Monsieur [P] se prononce comme suit : “Nous pensons donc qu’un écoulement d’huile moteur a eu lieu au niveau du bloc échangeur/filtre à huile”, ajoutant que l’écoulement du fluide a atteint le tube d’échappement positionné en-dessous dont la température était largement suffisante pour un enflammement.
Ces trois avis techniques sont marqués par des divergences notables : si celui émis à la demande de l’assureur de la défenderesse conclut au caractère indéterminé de l’origine de l’incendie, celui émanant de l’expert de l’assureur des époux [W] la situe au niveau de la pompe à diesel alors que l’expert judiciaire la situe au niveau du filtre à huile.
Les rapports rendus par les experts [D] et [N] doivent en outre être reçus avec prudence puisque chacun des techniciens a été requis par une compagnie d’assurance.
Reste donc le rapport déposé par Monsieur [P] dont l’analyse ne présente pas le degré de certitude suffisant pour asseoir une condamnation de la société ATLANTIC AUTOMOBILES.
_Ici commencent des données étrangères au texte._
(* Let $k\ge1$ and let $f:\mathbb{N}^k\to\mathbb{N}$ be minimal. Let $B\subseteq\mathbb{N}$ satisfy $\bar d(B)=0$ and $\bar d(f[B^k])>0$. Then for each $i\ge0$ the set $B\setminus[0,i]$ also satisfies $\bar d(B\setminus[0,i])=0$ and $\bar d(f[(B\setminus[0,i])^k])>0$; in fact $\bar d(f[(B\setminus[0,i])^k])=\bar d(f[B^k])$.
   Context: $\mathbb{N}=\{0,1,2,\dots\}$. For $A\subseteq\mathbb{N}$, $\bar d(A)=\limsup_{n\to\infty}\frac{|A\cap[0,n)|}{n}$. $\mathscr{C}_{I_{\bar d=0}}$ is the set of all finitary functions $f:\mathbb{N}^k\to\mathbb{N}$ ($k\ge1$) such that $\bar d(f[A^k])=0$ whenever $\bar d(A)=0$. For $f:\mathbb{N}^k\to\mathbb{N}$, a permutation $\pi$ of $\{1,\dots,k\}$ and a tuple $\bar a=(a_1,\dots,a_\ell)\in\mathbb{N}^\ell$ with $0\le\ell<k$, the shadow $f_{\pi,\bar a}$ is the $(k-\ell)$-ary function $f_{\pi,\bar a}(y_1,\dots,y_{k-\ell})=f_\pi(a_1,\dots,a_\ell,y_1,\dots,y_{k-\ell})$, where $f_\pi(x_1,\dots,x_k)=f(x_{\pi(1)},\dots,x_{\pi(k)})$. The shadow is proper if $\ell>0$. $f$ is called minimal if $f\notin\mathscr{C}_{I_{\bar d=0}}$ and every proper shadow of $f$ lies in $\mathscr{C}_{I_{\bar d=0}}$. *)

theory Defs
  imports "HOL-Analysis.Analysis" "HOL-Combinatorics.Permutations"
begin

definition upper_density :: "nat set \<Rightarrow> ereal" where
  "upper_density A = limsup (\<lambda>n. ereal (real (card (A \<inter> {..<n})) / real n))"

text \<open>A k-ary function N^k \<rightarrow> N is represented as a function on lists,
  only its values on lists of length k matter.  f[A^k]:\<close>
definition img_pow :: "nat \<Rightarrow> (nat list \<Rightarrow> nat) \<Rightarrow> nat set \<Rightarrow> nat set" where
  "img_pow k f A = {f xs | xs. length xs = k \<and> set xs \<subseteq> A}"

definition in_C_dzero :: "nat \<Rightarrow> (nat list \<Rightarrow> nat) \<Rightarrow> bool" where
  "in_C_dzero k f \<longleftrightarrow> k \<ge> 1 \<and>
     (\<forall>A. upper_density A = 0 \<longrightarrow> upper_density (img_pow k f A) = 0)"

text \<open>f_pi(x_1..x_k) = f(x_{pi 1},..,x_{pi k}) (0-indexed here), shadow fixes the
  first length(as) arguments of f_pi to as.\<close>
definition permute_args :: "nat \<Rightarrow> (nat \<Rightarrow> nat) \<Rightarrow> (nat list \<Rightarrow> nat) \<Rightarrow> nat list \<Rightarrow> nat" where
  "permute_args k \<pi> f xs = f (map (\<lambda>i. xs ! \<pi> i) [0..<k])"

definition shadow :: "nat \<Rightarrow> (nat list \<Rightarrow> nat) \<Rightarrow> (nat \<Rightarrow> nat) \<Rightarrow> nat list \<Rightarrow> nat list \<Rightarrow> nat" where
  "shadow k f \<pi> as ys = permute_args k \<pi> f (as @ ys)"

definition minimal_fun :: "nat \<Rightarrow> (nat list \<Rightarrow> nat) \<Rightarrow> bool" where
  "minimal_fun k f \<longleftrightarrow> \<not> in_C_dzero k f \<and>
     (\<forall>\<pi> as. \<pi> permutes {..<k} \<and> 0 < length as \<and> length as < k \<longrightarrow>
        in_C_dzero (k - length as) (shadow k f \<pi> as))"

end

theory Submission
  imports Defs
begin

text \<open>Every tuple in \<open>B\<^sup>k\<close> that meets the finite set \<open>{0..i}\<close> has some argument
  fixed to one of finitely many values, so its image lies in one of finitely many proper
  shadows applied to \<open>B\<close> (for \<open>k = 1\<close> these images form a finite set instead). By
  minimality each such shadow image has density zero, and a finite union of null sets is
  null. Hence removing \<open>{0..i}\<close> from \<open>B\<close> changes
  \<open>f[B\<^sup>k]\<close> only by a null set, which does not affect the upper density.\<close>

lemma upper_density_nonneg: "0 \<le> upper_density A"
  unfolding upper_density_def by (rule le_Limsup) auto

lemma upper_density_mono: "A \<subseteq> C \<Longrightarrow> upper_density A \<le> upper_density C"
  unfolding upper_density_def
  by (intro Limsup_mono always_eventually allI) (auto intro!: divide_right_mono card_mono)

lemma upper_density_null_subset:
  "A \<subseteq> C \<Longrightarrow> upper_density C = 0 \<Longrightarrow> upper_density A = 0"
  using upper_density_mono[of A C] upper_density_nonneg[of A] by simp

lemma upper_density_Un_le: "upper_density (A \<union> C) \<le> upper_density A + upper_density C"
proof -
  let ?dens = "\<lambda>X n. ereal (real (card (X \<inter> {..<n})) / real n)"
  have "upper_density (A \<union> C) \<le> limsup (\<lambda>n. ?dens A n + ?dens C n)"
    unfolding upper_density_def
  proof (intro Limsup_mono always_eventually allI)
    fix n
    have "card ((A \<union> C) \<inter> {..<n}) \<le> card (A \<inter> {..<n}) + card (C \<inter> {..<n})"
      by (metis Int_Un_distrib2 card_Un_le)
    then show "?dens (A \<union> C) n \<le> ?dens A n + ?dens C n"
      by (simp add: add_divide_distrib[symmetric] divide_right_mono)
  qed
  also have "\<dots> \<le> upper_density A + upper_density C"
    unfolding upper_density_def by (rule ereal_limsup_add_mono)
  finally show ?thesis .
qed

lemma upper_density_Un_null:
  "upper_density C = 0 \<Longrightarrow> upper_density (A \<union> C) = upper_density A"
  using upper_density_Un_le[of A C] upper_density_mono[of A "A \<union> C"] by simp

lemma upper_density_UN_null:
  "finite I \<Longrightarrow> (\<And>x. x \<in> I \<Longrightarrow> upper_density (S x) = 0) \<Longrightarrow> upper_density (\<Union>x\<in>I. S x) = 0"
proof (induction I rule: finite_induct)
  case empty
  then show ?case
    by (simp add: upper_density_def Limsup_const zero_ereal_def[symmetric])
next
  case (insert x F)
  then show ?case using upper_density_Un_null[of "S x" "\<Union>x\<in>F. S x"] by (simp add: Un_commute)
qed

lemma upper_density_finite: "finite A \<Longrightarrow> upper_density A = 0"
proof -
  assume "finite A"
  have "upper_density A \<le> limsup (\<lambda>n. ereal (real (card A) / real n))"
    unfolding upper_density_def
    by (intro Limsup_mono always_eventually allI)
       (auto intro!: divide_right_mono card_mono \<open>finite A\<close>)
  also have "\<dots> = 0"
    by (rule lim_imp_Limsup) (auto intro!: lim_const_over_n simp: zero_ereal_def)
  finally show ?thesis using upper_density_nonneg[of A] by simp
qed

lemma img_pow_shadow_transpose:
  assumes "length xs = k" "set xs \<subseteq> B" "j < k" "k \<ge> 2"
  shows "f xs \<in> img_pow (k - 1) (shadow k f (Transposition.transpose 0 j) [xs ! j]) B"
proof -
  define \<pi> where "\<pi> = Transposition.transpose (0::nat) j"
  define zs where "zs = map (\<lambda>t. xs ! \<pi> t) [0..<k]"
  have \<pi>_bound: "\<pi> t < k" if "t < k" for t
    using that assms(3) by (auto simp: \<pi>_def Transposition.transpose_def)
  have "zs \<noteq> []" "hd zs = xs ! j"
    using assms(4) by (auto simp: zs_def \<pi>_def hd_map upt_conv_Cons)
  then have zs_cons: "xs ! j # tl zs = zs"
    by (metis list.collapse)
  have "map (\<lambda>t. zs ! \<pi> t) [0..<k] = xs"
    using assms(1) \<pi>_bound by (intro nth_equalityI) (auto simp: zs_def \<pi>_def)
  then have "f xs = shadow k f \<pi> [xs ! j] (tl zs)"
    by (simp add: shadow_def permute_args_def zs_cons)
  moreover have "set zs \<subseteq> B"
    using assms(1,2) \<pi>_bound by (auto simp: zs_def)
  then have "length (tl zs) = k - 1" "set (tl zs) \<subseteq> B"
    using list.set_sel(2)[of zs] \<open>zs \<noteq> []\<close> by (auto simp: zs_def)
  ultimately show ?thesis unfolding img_pow_def \<pi>_def by blast
qed

lemma shadow_single_null:
  assumes "minimal_fun k f" "upper_density B = 0" "j < k" "k \<ge> 2"
  shows "upper_density (img_pow (k - 1) (shadow k f (Transposition.transpose 0 j) [a]) B) = 0"
proof -
  have "Transposition.transpose 0 j permutes {..<k}"
    using assms(3) by (intro permutes_swap_id) auto
  moreover have "0 < length [a]" "length [a] < k"
    using assms(4) by auto
  ultimately have "in_C_dzero (k - length [a]) (shadow k f (Transposition.transpose 0 j) [a])"
    using assms(1) unfolding minimal_fun_def by blast
  with assms(2) show ?thesis
    unfolding in_C_dzero_def by simp
qed

lemma img_pow_meeting_finite_null:
  assumes "minimal_fun k f" "upper_density B = 0" "finite C"
  shows "upper_density {f xs | xs. length xs = k \<and> set xs \<subseteq> B \<and> set xs \<inter> C \<noteq> {}} = 0"
    (is "upper_density ?E = 0")
proof (cases "k \<ge> 2")
  case True
  define S where "S p = img_pow (k - 1) (shadow k f (Transposition.transpose 0 (snd p)) [fst p]) B"
    for p :: "nat \<times> nat"
  have "?E \<subseteq> (\<Union>p\<in>C \<times> {..<k}. S p)"
  proof
    fix y assume "y \<in> ?E"
    then obtain xs j where xs: "y = f xs" "length xs = k" "set xs \<subseteq> B" "j < k" "xs ! j \<in> C"
      by (auto simp: in_set_conv_nth) blast
    then have "y \<in> S (xs ! j, j)"
      using img_pow_shadow_transpose[of xs k B j f] True by (simp add: S_def)
    with xs(4,5) show "y \<in> (\<Union>p\<in>C \<times> {..<k}. S p)"
      by blast
  qed
  moreover have "upper_density (\<Union>p\<in>C \<times> {..<k}. S p) = 0"
  proof (rule upper_density_UN_null)
    show "finite (C \<times> {..<k})"
      using assms(3) by simp
    fix p assume "p \<in> C \<times> {..<k}"
    then show "upper_density (S p) = 0"
      unfolding S_def by (intro shadow_single_null[OF assms(1,2) _ True]) auto
  qed
  ultimately show ?thesis
    by (rule upper_density_null_subset)
next
  case False
  have "?E \<subseteq> (\<lambda>a. f [a]) ` C"
  proof
    fix y assume "y \<in> ?E"
    then obtain xs where xs: "y = f xs" "length xs = k" "set xs \<inter> C \<noteq> {}"
      by blast
    with False have "length xs = Suc 0"
      by (cases xs) auto
    then obtain a where "xs = [a]"
      by (cases xs) auto
    with xs show "y \<in> (\<lambda>a. f [a]) ` C"
      by auto
  qed
  then show ?thesis
    by (rule upper_density_null_subset[OF _ upper_density_finite]) (simp add: assms(3))
qed

lemma upper_density_img_pow_Diff_finite:
  assumes "minimal_fun k f" "upper_density B = 0" "finite C"
  shows "upper_density (img_pow k f (B - C)) = upper_density (img_pow k f B)"
proof (rule antisym)
  show "upper_density (img_pow k f (B - C)) \<le> upper_density (img_pow k f B)"
    by (rule upper_density_mono) (auto simp: img_pow_def)
  let ?E = "{f xs | xs. length xs = k \<and> set xs \<subseteq> B \<and> set xs \<inter> C \<noteq> {}}"
  have "img_pow k f B \<subseteq> img_pow k f (B - C) \<union> ?E"
    by (auto simp: img_pow_def)
  then have "upper_density (img_pow k f B) \<le> upper_density (img_pow k f (B - C) \<union> ?E)"
    by (rule upper_density_mono)
  also have "\<dots> = upper_density (img_pow k f (B - C))"
    using img_pow_meeting_finite_null[OF assms] by (rule upper_density_Un_null)
  finally show "upper_density (img_pow k f B) \<le> upper_density (img_pow k f (B - C))" .
qed

theorem mainTheorem4:
  fixes k :: nat and f :: "nat list \<Rightarrow> nat" and B :: "nat set"
  assumes "k \<ge> 1"
    and "minimal_fun k f"
    and "upper_density B = 0"
    and "upper_density (img_pow k f B) > 0"
  shows "\<forall>i::nat. upper_density (B - {0..i}) = 0
          \<and> upper_density (img_pow k f (B - {0..i})) > 0
          \<and> upper_density (img_pow k f (B - {0..i})) = upper_density (img_pow k f B)"
proof
  fix i :: nat
  have "upper_density (B - {0..i}) = 0"
    using assms(3) by (rule upper_density_null_subset[rotated]) blast
  moreover have "upper_density (img_pow k f (B - {0..i})) = upper_density (img_pow k f B)"
    using assms(2,3) by (rule upper_density_img_pow_Diff_finite) simp
  ultimately show "upper_density (B - {0..i}) = 0
          \<and> upper_density (img_pow k f (B - {0..i})) > 0
          \<and> upper_density (img_pow k f (B - {0..i})) = upper_density (img_pow k f B)"
    using assms(4) by simp
qed

end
En effet, ses conclusions ne présentent aucun caractère affirmatif étant considéré que son rédacteur recourt au verbe “penser” qui traduit l’expression d’une hypothèse et non celle d’une conviction parfaitement arrêtée, ne souffrant aucun doute.
Dès lors que Monsieur et Madame [W], sur qui pèse la charge de la preuve, ne fournissent pas d’autres éléments permettant d’établir de façon incontestable que le sinistre découle d’un vice caché ou bien d’une non-conformité du bien acquis, leurs prétentions seront rejetées dans leur intégralité.
En application de l’article 696 du code de procédure civile, les époux [W] seront condamnés aux dépens.
Ils seront également tenus de régler à la partie adverse une somme de 1 500 € au titre des frais irrépétibles.
PAR CES MOTIFS
Le Tribunal, statuant publiquement, en premier ressort et par jugement contradictoire,
Déboute Monsieur [T] [W] et Madame [Z] [U] épouse [W] de l’ensemble de leurs demandes
Condamne Monsieur [T] [W] et Madame [Z] [U] épouse [W] à supporter le coût des dépens de l’instance
Condamne Monsieur [T] [W] et Madame [Z] [U] épouse [W] à régler à la SAS ATLANTIC AUTOMOBILES la somme de 1 500 € en application de l’article 700 du code de procédure civile.
Prononcé à la date de mise à disposition au greffe par Stéphanie BENOIT, vice-président
En foi de quoi le présent jugement a été signé par le Président, Stéphanie BENOIT, et Karine ORTI, Greffier présent lors du prononcé.